From: "Huang, Ying" <ying.huang@linux.alibaba.com>
To: Gregory Price <gourry@gourry.net>
Cc: "Joshua Hahn" <joshua.hahnjy@gmail.com>,
hyeonggon.yoo@sk.com, kernel_team@skhynix.com,
"rafael@kernel.org" <rafael@kernel.org>,
"lenb@kernel.org" <lenb@kernel.org>,
"gregkh@linuxfoundation.org" <gregkh@linuxfoundation.org>,
"akpm@linux-foundation.org" <akpm@linux-foundation.org>,
"김홍규(KIM HONGGYU) System SW" <honggyu.kim@sk.com>,
"김락기(KIM RAKIE) System SW" <rakie.kim@sk.com>,
"dan.j.williams@intel.com" <dan.j.williams@intel.com>,
"Jonathan.Cameron@huawei.com" <Jonathan.Cameron@huawei.com>,
"dave.jiang@intel.com" <dave.jiang@intel.com>,
"horen.chuang@linux.dev" <horen.chuang@linux.dev>,
"hannes@cmpxchg.org" <hannes@cmpxchg.org>,
"linux-kernel@vger.kernel.org" <linux-kernel@vger.kernel.org>,
"linux-acpi@vger.kernel.org" <linux-acpi@vger.kernel.org>,
"linux-mm@kvack.org" <linux-mm@kvack.org>,
"kernel-team@meta.com" <kernel-team@meta.com>
Subject: Re: [External Mail] [RFC PATCH] mm/mempolicy: Weighted interleave auto-tuning
Date: Fri, 27 Dec 2024 09:59:30 +0800 [thread overview]
Message-ID: <87cyhdhon1.fsf@DESKTOP-5N7EMDA> (raw)
In-Reply-To: <Z22cwZycFV47wOfX@gourry-fedora-PF4VCD3F> (Gregory Price's message of "Thu, 26 Dec 2024 11:13:21 -0700")
Gregory Price <gourry@gourry.net> writes:
> On Thu, Dec 26, 2024 at 09:35:32AM +0800, Huang, Ying wrote:
>> > Having two files for each node (nodeN, defaultN) seems a bit too
>> > cluttered for the user perspective.
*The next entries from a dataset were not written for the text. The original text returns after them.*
(* Let $p$ be an odd prime. Then $$\sum_{k=0}^{[p/4]}\binom{4k}{2k}\frac1{32^k}\equiv\begin{cases}1\pmod p&\text{if }p\equiv\pm1,\pm3\pmod{16},\\-1\pmod p&\text{if }p\equiv\pm5,\pm7\pmod{16}.\end{cases}$$
   Context: $[x]$ is the greatest integer $\le x$. *)

theory Defs
  imports Complex_Main "HOL-Computational_Algebra.Primes"
begin

text \<open>Congruence of rational numbers modulo an integer p: q and r are congruent
  mod p if q - r = a / b with integers a, b, where p divides a and p does not divide b
  (i.e. the difference is a p-adic integer divisible by p).\<close>
definition rat_cong :: "rat \<Rightarrow> rat \<Rightarrow> int \<Rightarrow> bool" where
  "rat_cong q r p \<longleftrightarrow> (\<exists>a b::int. b \<noteq> 0 \<and> \<not> p dvd b \<and> p dvd a \<and> q - r = of_int a / of_int b)"

end

theory Submission
  imports Defs "HOL-Computational_Algebra.Polynomial" "HOL-Number_Theory.Cong"
begin

(* With h = (p - 1) / 2 one has C(2n, n) \<equiv> (-4)^n C(h, n) (mod p), so the sum is congruent to
   2^-h \<Sum>\<^sub>k C(h, 2k) 2^(h-k) = 2^-h ((2 + \<surd>2)^h + (2 - \<surd>2)^h) / 2.
   Compute in \<int>[\<zeta>]/(p) for a primitive 16th root of unity \<zeta>, i.e. in \<int>[X] modulo p and X^8 + 1:
   there \<surd>2 = \<zeta>^2 + \<zeta>^-2, and 2 + \<surd>2 = c^2, 2 - \<surd>2 = d^2 with c = \<zeta> + \<zeta>^-1, d = \<zeta>^3 + \<zeta>^-3.
   The Frobenius x \<mapsto> x^p sends c, d to \<plusminus>c, \<plusminus>d according to p mod 16, which determines both
   c^(p-1) + d^(p-1) = (2 + \<surd>2)^h + (2 - \<surd>2)^h and 2^h = (2/p) modulo p. *)

section \<open>Congruence modulo an integer and a polynomial\<close>

definition poly_cong :: "int \<Rightarrow> int poly \<Rightarrow> int poly \<Rightarrow> int poly \<Rightarrow> bool"
  where "poly_cong P M a b \<longleftrightarrow> (\<exists>u v. a - b = smult P u + M * v)"

abbreviation poly_cong_notation :: "int poly \<Rightarrow> int poly \<Rightarrow> int \<Rightarrow> int poly \<Rightarrow> bool"
    (\<open>(\<open>indent=1 notation=\<open>mixfix poly_cong\<close>\<close>[_ = _] '(' mod _, _'))\<close>)
  where "[a = b] (mod P, M) \<equiv> poly_cong P M a b"

lemma poly_cong_refl [simp]: "[a = a] (mod P, M)"
  unfolding poly_cong_def by (rule exI[of _ 0], rule exI[of _ 0]) simp

lemma poly_cong_sym: "[a = b] (mod P, M) \<Longrightarrow> [b = a] (mod P, M)"
  unfolding poly_cong_def by (metis minus_diff_eq mult_minus_right smult_minus_right minus_add_distrib)

lemma poly_cong_add:
  assumes "[a = b] (mod P, M)" and "[c = d] (mod P, M)"
  shows "[a + c = b + d] (mod P, M)"
proof -
  obtain u v u' v' where "a - b = smult P u + M * v" and "c - d = smult P u' + M * v'"
    using assms unfolding poly_cong_def by blast
  then have "a + c - (b + d) = smult P (u + u') + M * (v + v')"
    by (simp add: algebra_simps smult_add_right)
  then show ?thesis
    unfolding poly_cong_def by blast
qed

lemma poly_cong_trans [trans]:
  "[a = b] (mod P, M) \<Longrightarrow> [b = c] (mod P, M) \<Longrightarrow> [a = c] (mod P, M)"
  using poly_cong_add[of P M a b b c] unfolding poly_cong_def by simp

lemma poly_cong_mult:
  assumes "[a = b] (mod P, M)" and "[c = d] (mod P, M)"
  shows "[a * c = b * d] (mod P, M)"
proof -
  obtain u v u' v' where uv: "a - b = smult P u + M * v" and uv': "c - d = smult P u' + M * v'"
    using assms unfolding poly_cong_def by blast
  have "a * c - b * d = a * (c - d) + (a - b) * d"
    by (simp add: algebra_simps)
  also have "\<dots> = smult P (a * u' + u * d) + M * (a * v' + v * d)"
    unfolding uv uv' by (simp add: algebra_simps smult_add_right)
  finally show ?thesis
    unfolding poly_cong_def by blast
qed

lemma poly_cong_minus: "[a = b] (mod P, M) \<Longrightarrow> [- a = - b] (mod P, M)"
  using poly_cong_mult[OF poly_cong_refl[where a = "- 1"]] by simp

lemma poly_cong_diff:
  "[a = b] (mod P, M) \<Longrightarrow> [c = d] (mod P, M) \<Longrightarrow> [a - c = b - d] (mod P, M)"
  using poly_cong_add[OF _ poly_cong_minus] by simp

lemma poly_cong_power: "[a = b] (mod P, M) \<Longrightarrow> [a ^ n = b ^ n] (mod P, M)"
  by (induction n) (auto intro: poly_cong_mult)

lemma poly_cong_sum:
  "(\<And>x. x \<in> A \<Longrightarrow> [f x = g x] (mod P, M)) \<Longrightarrow> [sum f A = sum g A] (mod P, M)"
  by (induction A rule: infinite_finite_induct) (auto intro: poly_cong_add)

lemma poly_cong_smult_0: "[smult P u = 0] (mod P, M)"
  unfolding poly_cong_def by (metis add.right_neutral diff_zero mult_zero_right)

lemma poly_cong_of_multiple: "a - b = M * w \<Longrightarrow> [a = b] (mod P, M)"
  unfolding poly_cong_def by (metis add_0 smult_0_right)

lemma poly_cong_of_int:
  assumes "lead_coeff M = 1" and "degree M > 0"
    and "[of_int a = of_int b] (mod P, M)"
  shows "[a = b] (mod P)"
proof -
  obtain u v where uv: "of_int a - of_int b = smult P u + M * v"
    using assms(3) unfolding poly_cong_def by blast
  have "M \<noteq> 0"
    using assms(2) by auto
  obtain q r where "pseudo_divmod u M = (q, r)"
    by fastforce
  with pseudo_divmod[OF \<open>M \<noteq> 0\<close> this] assms(1)
  have u: "u = M * q + r" and r: "r = 0 \<or> degree r < degree M"
    by auto
  have eq: "[:a - b:] - smult P r = M * (v + smult P q)"
    using uv u by (simp add: of_int_poly algebra_simps smult_add_right)
  have "degree ([:a - b:] - smult P r) < degree M"
    using r assms(2) by (auto intro: le_less_trans[OF degree_diff_le])
  then have "v + smult P q = 0"
    using eq \<open>M \<noteq> 0\<close> by (metis add.right_neutral degree_mult_eq leD le_add1)
  then have "a - b = P * coeff r 0"
    using eq by (metis coeff_pCons_0 coeff_smult diff_eq_eq mult_zero_right add_0)
  then show ?thesis
    by (simp add: cong_iff_dvd_diff)
qed

lemma poly_cong_add_power_prime:
  assumes "prime p"
  shows "[(a + b) ^ p = a ^ p + b ^ p] (mod int p, M)"
proof -
  have "(a + b) ^ p = (\<Sum>k\<le>p. of_nat (p choose k) * a ^ k * b ^ (p - k))"
    by (rule binomial_ring)
  also have "[\<dots> = (\<Sum>k\<le>p. if k = p then a ^ p else if k = 0 then b ^ p else 0)] (mod int p, M)"
  proof (rule poly_cong_sum)
    fix k assume "k \<in> {..p}"
    show "[of_nat (p choose k) * a ^ k * b ^ (p - k)
        = (if k = p then a ^ p else if k = 0 then b ^ p else 0)] (mod int p, M)"
    proof (cases "k = p \<or> k = 0")
      case False
      with \<open>k \<in> {..p}\<close> have "p dvd p choose k"
        using assms by (intro dvd_choose_prime) auto
      then obtain j where "p choose k = p * j" ..
      then have "of_nat (p choose k) * a ^ k * b ^ (p - k) = smult (int p) (of_nat j * a ^ k * b ^ (p - k))"
        by (simp add: of_nat_poly mult.assoc)
      then show ?thesis
        using False poly_cong_smult_0 by simp
    qed auto
  qed
  also have "(\<Sum>k\<le>p. if k = p then a ^ p else if k = 0 then b ^ p else 0) = a ^ p + b ^ p"
    using prime_gt_0_nat[OF assms] by (simp add: sum.If_cases Int_absorb1)
  finally show ?thesis .
qed

section \<open>Binomial coefficients and integer congruences\<close>

lemma binomial_even_part:
  fixes a s :: "'a::comm_ring_1"
  shows "(a + s) ^ n + (a - s) ^ n
    = 2 * (\<Sum>k\<le>n div 2. of_nat (n choose (2 * k)) * a ^ (n - 2 * k) * s ^ (2 * k))"
proof -
  define g where "g j = of_nat (n choose j) * a ^ (n - j) * (s ^ j + (- s) ^ j)" for j
  have "(a + s) ^ n + (a - s) ^ n = (\<Sum>j\<le>n. g j)"
    unfolding binomial_ring[of s a n, unfolded add.commute[of s]]
      binomial_ring[of "- s" a n, unfolded add.commute[of "- s"] diff_conv_add_uminus[symmetric]]
    by (simp add: g_def sum.distrib[symmetric] algebra_simps)
  also have "\<dots> = (\<Sum>j\<le>Suc (2 * (n div 2)). g j)"
    by (rule sum.mono_neutral_left) (auto simp: g_def binomial_eq_0)
  also have "\<dots> = (\<Sum>k\<le>n div 2. g (2 * k) + g (Suc (2 * k)))"
    by (rule sum.in_pairs_0)
  also have "\<dots> = 2 * (\<Sum>k\<le>n div 2. of_nat (n choose (2 * k)) * a ^ (n - 2 * k) * s ^ (2 * k))"
    by (simp add: g_def sum_distrib_left algebra_simps)
  finally show ?thesis .
qed

lemma Suc_times_central_binomial:
  "Suc n * ((2 * Suc n) choose Suc n) = 2 * (2 * n + 1) * ((2 * n) choose n)"
proof -
  have "Suc n * (Suc n * (Suc (Suc (2 * n)) choose Suc n))
      = Suc (Suc (2 * n)) * (Suc n * (Suc (2 * n) choose n))"
    by (simp only: Suc_times_binomial mult.left_commute)
  also have "Suc (2 * n) choose n = Suc (2 * n) choose Suc n"
    using binomial_symmetric[of n "Suc (2 * n)"] by (simp add: Suc_diff_le)
  also have "Suc n * (Suc (2 * n) choose Suc n) = Suc (2 * n) * ((2 * n) choose n)"
    by (rule Suc_times_binomial)
  also have "Suc (Suc (2 * n)) * (Suc (2 * n) * ((2 * n) choose n))
      = Suc n * (2 * (2 * n + 1) * ((2 * n) choose n))"
    by (simp add: algebra_simps)
  finally have "Suc n * (Suc (Suc (2 * n)) choose Suc n) = 2 * (2 * n + 1) * ((2 * n) choose n)"
    by (subst (asm) mult_left_cancel) simp_all
  moreover have "2 * Suc n = Suc (Suc (2 * n))"
    by simp
  ultimately show ?thesis
    by (simp only:)
qed

lemma central_binomial_minus_binomial_Suc:
  assumes "n < h"
  shows "int (Suc n) * (int ((2 * Suc n) choose Suc n) - (- 4) ^ Suc n * int (h choose Suc n))
    = 2 * (2 * int n + 1) * (int ((2 * n) choose n) - (- 4) ^ n * int (h choose n))
      + 2 * (2 * int h + 1) * ((- 4) ^ n * int (h choose n))"
proof -
  have "Suc n * (h choose Suc n) = (h - n) * (h choose n)"
    by (simp only: binomial_absorption binomial_absorb_comp)
  then have "int (Suc n) * int (h choose Suc n) = int (h - n) * int (h choose n)"
    by (simp only: of_nat_mult[symmetric])
  then have e2: "int (Suc n) * int (h choose Suc n) = (int h - int n) * int (h choose n)"
    using assms by (simp add: of_nat_diff)
  have e1: "int (Suc n) * int ((2 * Suc n) choose Suc n) = 2 * (2 * int n + 1) * int ((2 * n) choose n)"
    using arg_cong[OF Suc_times_central_binomial[of n], of int]
    by (simp only: of_nat_mult of_nat_add of_nat_numeral of_nat_1)
  have "int (Suc n) * (int ((2 * Suc n) choose Suc n) - (- 4) ^ Suc n * int (h choose Suc n))
      = int (Suc n) * int ((2 * Suc n) choose Suc n) - (- 4) ^ Suc n * (int (Suc n) * int (h choose Suc n))"
    by (simp add: algebra_simps)
  also have "\<dots> = 2 * (2 * int n + 1) * int ((2 * n) choose n) - (- 4) ^ Suc n * ((int h - int n) * int (h choose n))"
    by (simp only: e1 e2)
  finally show ?thesis
    by (simp add: algebra_simps)
qed

lemma central_binomial_cong:
  assumes "prime p" and "p = 2 * h + 1" and "n \<le> h"
  shows "[int ((2 * n) choose n) = (- 4) ^ n * int (h choose n)] (mod int p)"
  using assms(3)
proof (induction n)
  case 0
  then show ?case by simp
next
  case (Suc n)
  define D where "D n = int ((2 * n) choose n) - (- 4) ^ n * int (h choose n)" for n
  have step: "int (Suc n) * D (Suc n) = 2 * (2 * int n + 1) * D n + 2 * int p * ((- 4) ^ n * int (h choose n))"
    using central_binomial_minus_binomial_Suc[of n h] Suc.prems unfolding D_def assms(2) by simp
  have "int p dvd D n"
    using Suc by (simp add: D_def cong_iff_dvd_diff)
  then have "int p dvd 2 * (2 * int n + 1) * D n"
    by (rule dvd_mult)
  moreover have "int p dvd 2 * int p * ((- 4) ^ n * int (h choose n))"
    by simp
  ultimately have "int p dvd int (Suc n) * D (Suc n)"
    unfolding step by (rule dvd_add)
  then have "[int (Suc n) * D (Suc n) = int (Suc n) * 0] (mod int p)"
    by (simp add: cong_iff_dvd_diff)
  moreover have "coprime (int (Suc n)) (int p)"
  proof -
    have "\<not> p dvd Suc n"
      using Suc.prems assms(2) by (auto dest: dvd_imp_le)
    then have "coprime (Suc n) p"
      using prime_imp_coprime[OF assms(1)] coprime_commute by blast
    then show ?thesis
      by (simp only: coprime_int_iff)
  qed
  ultimately have "[D (Suc n) = 0] (mod int p)"
    using cong_mult_lcancel by blast
  then show ?case
    by (simp only: D_def cong_iff_dvd_diff diff_zero)
qed

lemma odd_prime_not_dvd_power_2:
  assumes "prime p" and "odd p"
  shows "\<not> int p dvd 2 ^ n"
proof
  assume "int p dvd 2 ^ n"
  moreover have "coprime (int p) (2 ^ n)"
    using assms(2) by simp
  ultimately have "is_unit (int p)"
    using coprime_absorb_left by blast
  then show False
    using assms(1) not_prime_unit by auto
qed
Making the nodeN interfaces serve
>> > multiple purposes (i.e. echo -1 into the nodes will output the default
>> > value for that node) also seems a bit too complicated as well, in my
>> > opinion. Maybe having a file 'weight_tables' that contains a table of
>> > default/user/effective weights (as have been used in these conversations)
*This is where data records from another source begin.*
(* Let $\kappa > 1$. Consider a finite set $\mathcal{S}$ of sensors placed in a square region $R$ of dimensions $s \times s$, where each sensor $i$ has sensing region $D_i$ equal to the closed disk of radius $1$ centered at its location, and each sensor has an initial battery life of $1$ unit of time. Let $d_R$ denote the depth of $R$ (defined below) and let $\mathcal{L}^*$ denote the maximum lifetime of the system under optimal scheduling (defined below). Then $\mathcal{L}^* = O(\kappa \cdot d_R)$, i.e., there is an absolute constant $c>0$, independent of the instance, such that $\mathcal{L}^* \le c\,\kappa\, d_R$.
   Context: A pair of points $(p,q)$ is a $\kappa$-pair if the distance between them is $\kappa$. A curve is a $\kappa$-curve if its endpoints form a $\kappa$-pair. A set of sensors $C \subseteq \mathcal{S}$ is a $\kappa$-weak cover if every $\kappa$-curve contained in $R$ intersects $\bigcup_{i \in C} D_i$. A point $p$ is covered by sensor $i$ if $p \in D_i$. The depth of a point $p$ is the number of sensors in $\mathcal{S}$ covering $p$, and the depth $d_R$ of the region $R$ is the maximum depth of any point of $R$. A schedule consists of a collection $\{C_1,\dots,C_k\}$ of $\kappa$-weak covers together with activation times $\delta_1,\dots,\delta_k \ge 0$ (cover $C_j$ is active for time $\delta_j$), subject to the battery constraint that each sensor's total active time $\sum_{j : i \in C_j} \delta_j$ is at most its battery life $1$. The lifetime of such a schedule is $\sum_{j=1}^k \delta_j$, and $\mathcal{L}^*$ is the maximum (supremum) lifetime over all such schedules. *)

theory Defs
  imports "HOL-Analysis.Analysis"
begin

text \<open>Points of the plane are pairs of reals (product metric = Euclidean metric).
  Sensors are indexed by a finite set S of naturals; sensor i sits at loc i and senses the
  closed unit disk around it.\<close>

definition square :: "real \<Rightarrow> (real \<times> real) set" where
  "square s = cbox (0,0) (s,s)"

definition disk :: "(nat \<Rightarrow> real \<times> real) \<Rightarrow> nat \<Rightarrow> (real \<times> real) set" where
  "disk loc i = cball (loc i) 1"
>> > might be useful for the user? (Or maybe just the defaults)
>> >
>> > Then a workflow for the user may be as such:
>> >
>> > $ cat /sys/kernel/mm/mempolicy/weighted_interleave/weight_tables
>> > default vales: [4,7,2]
>> > user values: [-,-,-]
>> > effective: [4,7,2]
>>
>> AFAIK, this breaks the sysfs attribute format rule as follows.
>>
>> https://docs.kernel.org/filesystems/sysfs.html#attributes
>>
>> It's hard to use array sysfs attribute here too. Because the node ID
>> may be non-consecutive. This makes it hard to read.
>>
>
> Would generally agree. I think essentially a
> use_defaults => (0 | 1)
> interface is probably the best we can do.
>
> Setting any node changes use_defaults from 1 => 0
> echoing 1 into use_default clears user_values
>
> This still allows 0 to be a manual "reset specific node to default"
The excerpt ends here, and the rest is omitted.